DIRECTIONS: The entries below contain a stretch that opens with the line containing "set \<Rightarrow> ('e" and closes with the line containing "(\<forall>T\<in>Th. tp \<in>"; set down that stretch exactly, both ends included, and nothing else.

Items listed in a dataset:
(* Let $\mathcal{L}$ be an intuitionistic abstract logic. For all $z,a,b\in Expr_{\mathcal{L}}$: $z\le a\to b$ if and only if $z\wedge a\le b$.
   Context: An abstract logic is a triple $\mathcal{L}=(Expr_{\mathcal{L}},Th_{\mathcal{L}},\mathcal{C}_{\mathcal{L}})$ where $Expr_{\mathcal{L}}$ is a set, $Th_{\mathcal{L}}$ a non-empty set of subsets of $Expr_{\mathcal{L}}$ (theories) closed under intersections of non-empty subfamilies, and $\mathcal{C}_{\mathcal{L}}$ a set of operations on $Expr_{\mathcal{L}}$. $\mathcal{L}$ is closed under union of chains if the union of every non-empty chain of theories is a theory. A theory $T$ is prime if $T=\bigcap\mathcal{T}$ with $\mathcal{T}\subseteq Th_{\mathcal{L}}$ non-empty finite implies $T\in\mathcal{T}$; totally prime if this holds for non-empty $\mathcal{T}$ of any size. $PTh_{\mathcal{L}}$, $TPTh_{\mathcal{L}}$ denote these sets. An intuitionistic abstract logic is one closed under union of chains with binary connectives $\vee,\wedge,\to$ and constants $\top,\bot$ such that for all $a,b$ and all $T\in TPTh_{\mathcal{L}}$: $a\vee b\in T$ iff $a\in T$ or $b\in T$; $a\wedge b\in T$ iff $a,b\in T$; $a\to b\in T$ iff for every totally prime $T'\supseteq T$, $a\in T'$ implies $b\in T'$; $\top$ lies in every theory and $\bot$ in none. The order: $a\le b$ iff $S_a\subseteq S_b$, where $S_a=\{P\in PTh_{\mathcal{L}}: a\in P\}$. *)

theory Defs
  imports Main
begin

text \<open>Expressions are the elements of the type 'e (Expr_L); Th is the set of theories.
The operations in C_L relevant here are the connectives dis, con, imp and constants tp, bt.\<close>

definition abstract_logic :: "'e set set \<Rightarrow> bool" where
  "abstract_logic Th \<longleftrightarrow> Th \<noteq> {} \<and>
     (\<forall>F. F \<noteq> {} \<and> F \<subseteq> Th \<longrightarrow> \<Inter>F \<in> Th)"

definition closed_union_chains :: "'e set set \<Rightarrow> bool" where
  "closed_union_chains Th \<longleftrightarrow>
     (\<forall>C. C \<noteq> {} \<and> C \<subseteq> Th \<and> (\<forall>X\<in>C. \<forall>Y\<in>C. X \<subseteq> Y \<or> Y \<subseteq> X) \<longrightarrow> \<Union>C \<in> Th)"

definition prime_theory :: "'e set set \<Rightarrow> 'e set \<Rightarrow> bool" where
  "prime_theory Th T \<longleftrightarrow> T \<in> Th \<and>
     (\<forall>F. F \<subseteq> Th \<and> F \<noteq> {} \<and> finite F \<and> T = \<Inter>F \<longrightarrow> T \<in> F)"

definition totally_prime_theory :: "'e set set \<Rightarrow> 'e set \<Rightarrow> bool" where
  "totally_prime_theory Th T \<longleftrightarrow> T \<in> Th \<and>
     (\<forall>F. F \<subseteq> Th \<and> F \<noteq> {} \<and> T = \<Inter>F \<longrightarrow> T \<in> F)"

definition intuitionistic_logic ::
  "'e set set \<Rightarrow> ('e \<Rightarrow> 'e \<Rightarrow> 'e) \<Rightarrow> ('e \<Rightarrow> 'e \<Rightarrow> 'e) \<Rightarrow> ('e \<Rightarrow> 'e \<Rightarrow> 'e) \<Rightarrow> 'e \<Rightarrow> 'e \<Rightarrow> bool"
  where
  "intuitionistic_logic Th dis con imp tp bt \<longleftrightarrow>
     abstract_logic Th \<and> closed_union_chains Th \<and>
     (\<forall>T a b. totally_prime_theory Th T \<longrightarrow>
        (dis a b \<in> T \<longleftrightarrow> a \<in> T \<or> b \<in> T) \<and>
        (con a b \<in> T \<longleftrightarrow> a \<in> T \<and> b \<in> T) \<and>
        (imp a b \<in> T \<longleftrightarrow>
           (\<forall>T'. totally_prime_theory Th T' \<and> T \<subseteq> T' \<longrightarrow> a \<in> T' \<longrightarrow> b \<in> T'))) \<and>
     (\<forall>T\<in>Th. tp \<in> T \<and> bt \<notin> T)"

definition S_set :: "'e set set \<Rightarrow> 'e \<Rightarrow> 'e set set" where
  "S_set Th a = {P. prime_theory Th P \<and> a \<in> P}"

definition logic_le :: "'e set set \<Rightarrow> 'e \<Rightarrow> 'e \<Rightarrow> bool" where
  "logic_le Th a b \<longleftrightarrow> S_set Th a \<subseteq> S_set Th b"

end

theory Submission
  imports Defs
begin

text \<open>Every prime theory omitting an expression extends, by Zorn's lemma, to a totally prime theory
still omitting it, so the order on expressions can equivalently be read off the totally prime
theories. There the clauses for conjunction and implication make the residuation law a direct
calculation, since membership of z persists into every totally prime extension.\<close>

lemma maximal_omitting_theory_is_totally_prime:
  assumes M: "M \<in> Th" "a \<notin> M"
    and maximal: "\<forall>X\<in>Th. M \<subseteq> X \<longrightarrow> a \<notin> X \<longrightarrow> X = M"
  shows "totally_prime_theory Th M"
  unfolding totally_prime_theory_def
proof (intro conjI allI impI)
  show "M \<in> Th" by (fact M(1))
  fix F assume F: "F \<subseteq> Th \<and> F \<noteq> {} \<and> M = \<Inter>F"
  show "M \<in> F"
  proof (rule ccontr)
    assume "M \<notin> F"
    have "a \<in> X" if "X \<in> F" for X
    proof -
      have "X \<in> Th" "M \<subseteq> X" using F that by auto
      moreover have "X \<noteq> M" using \<open>M \<notin> F\<close> that by blast
      ultimately show "a \<in> X" using maximal by blast
    qed
    then have "a \<in> M" using F by blast
    with M(2) show False ..
  qed
qed

lemma exists_maximal_omitting_theory:
  assumes chains: "closed_union_chains Th" and P: "P \<in> Th" and a: "a \<notin> P"
  shows "\<exists>M\<in>Th. P \<subseteq> M \<and> a \<notin> M \<and> (\<forall>X\<in>Th. M \<subseteq> X \<longrightarrow> a \<notin> X \<longrightarrow> X = M)"
proof -
  define A where "A = {T. T \<in> Th \<and> P \<subseteq> T \<and> a \<notin> T}"
  have "\<exists>U\<in>A. \<forall>X\<in>C. X \<subseteq> U" if C: "C \<in> chains A" for C
  proof (cases "C = {}")
    case True
    have "P \<in> A" using P a by (simp add: A_def)
    with True show ?thesis by blast
  next
    case False
    from C have "C \<subseteq> A" and linear: "\<forall>X\<in>C. \<forall>Y\<in>C. X \<subseteq> Y \<or> Y \<subseteq> X"
      unfolding chains_def chain_subset_def by auto
    then have "C \<subseteq> Th" "\<forall>X\<in>C. P \<subseteq> X \<and> a \<notin> X"
      unfolding A_def by auto
    moreover from this(1) have "\<Union>C \<in> Th"
      using chains False linear unfolding closed_union_chains_def by blast
    ultimately have "\<Union>C \<in> A"
      using False unfolding A_def by auto
    then show ?thesis by blast
  qed
  then obtain M where M: "M \<in> A" and maximal: "\<forall>X\<in>A. M \<subseteq> X \<longrightarrow> X = M"
    using Zorn_Lemma2[of A] by blast
  then have "M \<in> Th" "P \<subseteq> M" "a \<notin> M"
    unfolding A_def by auto
  moreover have "X = M" if "X \<in> Th" "M \<subseteq> X" "a \<notin> X" for X
  proof -
    have "X \<in> A" using that \<open>P \<subseteq> M\<close> unfolding A_def by auto
    then show "X = M" using maximal \<open>M \<subseteq> X\<close> by blast
  qed
  ultimately show ?thesis by blast
qed

lemma totally_prime_extension:
  assumes "closed_union_chains Th" "P \<in> Th" "a \<notin> P"
  obtains T where "totally_prime_theory Th T" "P \<subseteq> T" "a \<notin> T"
proof -
  obtain M where "M \<in> Th" "P \<subseteq> M" "a \<notin> M" "\<forall>X\<in>Th. M \<subseteq> X \<longrightarrow> a \<notin> X \<longrightarrow> X = M"
    using exists_maximal_omitting_theory[OF assms] by blast
  then show thesis
    using that maximal_omitting_theory_is_totally_prime[of M Th a] by blast
qed

lemma prime_theory_if_totally_prime:
  "totally_prime_theory Th T \<Longrightarrow> prime_theory Th T"
  unfolding totally_prime_theory_def prime_theory_def by blast

lemma logic_le_iff_totally_prime:
  assumes chains: "closed_union_chains Th"
  shows "logic_le Th x y \<longleftrightarrow> (\<forall>T. totally_prime_theory Th T \<longrightarrow> x \<in> T \<longrightarrow> y \<in> T)"
proof
  assume "logic_le Th x y"
  then show "\<forall>T. totally_prime_theory Th T \<longrightarrow> x \<in> T \<longrightarrow> y \<in> T"
    unfolding logic_le_def S_set_def using prime_theory_if_totally_prime by blast
next
  assume on_totally_prime: "\<forall>T. totally_prime_theory Th T \<longrightarrow> x \<in> T \<longrightarrow> y \<in> T"
  have "y \<in> P" if P: "prime_theory Th P" "x \<in> P" for P
  proof (rule ccontr)
    assume "y \<notin> P"
    moreover have "P \<in> Th" using P(1) unfolding prime_theory_def by blast
    ultimately obtain T where "totally_prime_theory Th T" "P \<subseteq> T" "y \<notin> T"
      using totally_prime_extension[OF chains] by blast
    then show False using on_totally_prime P(2) by blast
  qed
  then show "logic_le Th x y"
    unfolding logic_le_def S_set_def by blast
qed

theorem lemma4p2:
  fixes Th :: "'e set set" and dis con imp :: "'e \<Rightarrow> 'e \<Rightarrow> 'e" and tp bt :: 'e
  assumes "intuitionistic_logic Th dis con imp tp bt"
  shows "logic_le Th z (imp a b) \<longleftrightarrow> logic_le Th (con z a) b"
proof -
  have chains: "closed_union_chains Th"
    using assms unfolding intuitionistic_logic_def by blast
  have con: "con x y \<in> T \<longleftrightarrow> x \<in> T \<and> y \<in> T" if "totally_prime_theory Th T" for T x y
    using assms that unfolding intuitionistic_logic_def by blast
  have imp: "imp x y \<in> T \<longleftrightarrow> (\<forall>T'. totally_prime_theory Th T' \<and> T \<subseteq> T' \<longrightarrow> x \<in> T' \<longrightarrow> y \<in> T')"
    if "totally_prime_theory Th T" for T x y
    using assms that unfolding intuitionistic_logic_def by blast
  have "(\<forall>T. totally_prime_theory Th T \<longrightarrow> z \<in> T \<longrightarrow> imp a b \<in> T) \<longleftrightarrow>
        (\<forall>T. totally_prime_theory Th T \<longrightarrow> con z a \<in> T \<longrightarrow> b \<in> T)"
  proof (intro iffI allI impI)
    fix T assume z_imp: "\<forall>T. totally_prime_theory Th T \<longrightarrow> z \<in> T \<longrightarrow> imp a b \<in> T"
      and T: "totally_prime_theory Th T" and "con z a \<in> T"
    then have "z \<in> T" "a \<in> T" using con[OF T] by blast+
    then show "b \<in> T" using z_imp T imp[OF T] by blast
  next
    fix T assume za_b: "\<forall>T. totally_prime_theory Th T \<longrightarrow> con z a \<in> T \<longrightarrow> b \<in> T"
      and T: "totally_prime_theory Th T" and "z \<in> T"
    have "b \<in> T'" if T': "totally_prime_theory Th T'" "T \<subseteq> T'" "a \<in> T'" for T'
      using za_b T' \<open>z \<in> T\<close> con[OF T'(1)] by blast
    then show "imp a b \<in> T" using imp[OF T] by blast
  qed
  then show ?thesis
    unfolding logic_le_iff_totally_prime[OF chains] .
qed

end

RESPONSE:
  "'e set set \<Rightarrow> ('e \<Rightarrow> 'e \<Rightarrow> 'e) \<Rightarrow> ('e \<Rightarrow> 'e \<Rightarrow> 'e) \<Rightarrow> ('e \<Rightarrow> 'e \<Rightarrow> 'e) \<Rightarrow> 'e \<Rightarrow> 'e \<Rightarrow> bool"
  where
  "intuitionistic_logic Th dis con imp tp bt \<longleftrightarrow>
     abstract_logic Th \<and> closed_union_chains Th \<and>
     (\<forall>T a b. totally_prime_theory Th T \<longrightarrow>
        (dis a b \<in> T \<longleftrightarrow> a \<in> T \<or> b \<in> T) \<and>
        (con a b \<in> T \<longleftrightarrow> a \<in> T \<and> b \<in> T) \<and>
        (imp a b \<in> T \<longleftrightarrow>
           (\<forall>T'. totally_prime_theory Th T' \<and> T \<subseteq> T' \<longrightarrow> a \<in> T' \<longrightarrow> b \<in> T'))) \<and>
     (\<forall>T\<in>Th. tp \<in> T \<and> bt \<notin> T)"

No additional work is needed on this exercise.